Contrastive Language-Image Pre-training (CLIP) is a technique for training a pair of neural network models, one for image understanding and one for text understanding, using a contrastive objective. This project contains code to train CLIP on the MS-COCO Captions dataset. It also includes an implementation of SigLIP, which uses a sigmoid loss as the training objective.

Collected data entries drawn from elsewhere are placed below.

lemma card_maximal_subgroup:
  assumes "maximal_subgroup A G"
  shows "p * card A = p ^ m"
  using lagrange[of A] maximal_subgroup_index[OF assms] assms order_eq
  by (simp add: maximal_subgroup_def)

lemma abelian_if_center_index_le_p:
  assumes H: "subgroup H G" and index: "card H \<le> p * card (H \<inter> centralizer G H)"
  shows "abelian_subset H G"
  unfolding abelian_subset_def
proof (intro ballI)
  fix x y assume x: "x \<in> H" and y: "y \<in> H"
  have H_carrier: "H \<subseteq> carrier G"
    using subgroup.subset[OF H] .
  let ?Z = "H \<inter> centralizer G H"
  show "x \<otimes> y = y \<otimes> x"
  proof (cases "x \<in> ?Z")
    case True
    then show ?thesis
      using y by (simp add: centralizer_def)
  next
    case False
    let ?K = "H \<inter> centralizer G {x}"
    have Z: "subgroup ?Z G" and K: "subgroup ?K G"
      using x H_carrier by (auto intro!: subgroups_Inter_pair H subgroup_centralizer)
    have "?Z \<subset> ?K"
      using False x H_carrier by (auto simp: centralizer_def)
    then have "card H \<le> card ?K"
      using card_subgroup_psubset[OF Z K] index by simp
    then have "?K = H"
      using card_seteq[OF finite_subgroup[OF H]] by blast
    then have "y \<otimes> x = x \<otimes> y"
      using y unfolding centralizer_def by blast
    then show ?thesis ..
  qed
qed

end

section \<open>Groups whose center has index \<open>p\<^sup>3\<close>\<close>

locale center_index_p_cube = finite_p_group +
  assumes center_index: "order (G Mod group_center G) = p ^ 3"
begin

MSCOCO Captions dataset contains over 100000 (image, text) pairs. Download the dataset and update config.yaml
with the image folder and annotations file paths. To download the dataset:
# create directory in data/
$ mkdir data/mscoco
# download images
$ wget http://images.cocodataset.org/zips/train2017.zip -O data/mscoco/train2017.zip
$ unzip data/mscoco/train2017.zip -d data/mscoco
# download annotations
$ wget http://images.cocodataset.org/annotations/annotations_trainval2017.zip -O data/mscoco/annotations_trainval2017.zip
$ unzip data/mscoco/annotations_trainval2017.zip -d data/mscoco
Note: The input text is tokenized using the DistilBERTTokenizer from HuggingFace. You can set your desired context size and enable shuffling (between :multiple captions) in the config file. Input images are also resized to (224,224) which is the input size of the ResNet50 model.
CLIP model consists of two encoder:
-
Image Encoder: ResNet50 (backbone) + 2 Linear Layers (projection).
-
Text Encoder: DistilBERT (backbone) + 2 Linear Layers (projection).
CLIP supports the following methods:
model.encode_image(image: Tensor)
Given a batch of images, returns the image features encoded by the image encoder of the CLIP model.
model.encode_text(text: Tensor, text_mask: Tensor)
Given a batch of text tokens and associated masks, returns the text features encoded by the text encoder of the CLIP model.
model.generate_similarity_matrix(image: Tensor, text: Tensor, text_mask: Tensor)
Given a batch of images and a batch of text tokens and masks, returns a matrix of scaled cosine similarities between the corresponding image and text features.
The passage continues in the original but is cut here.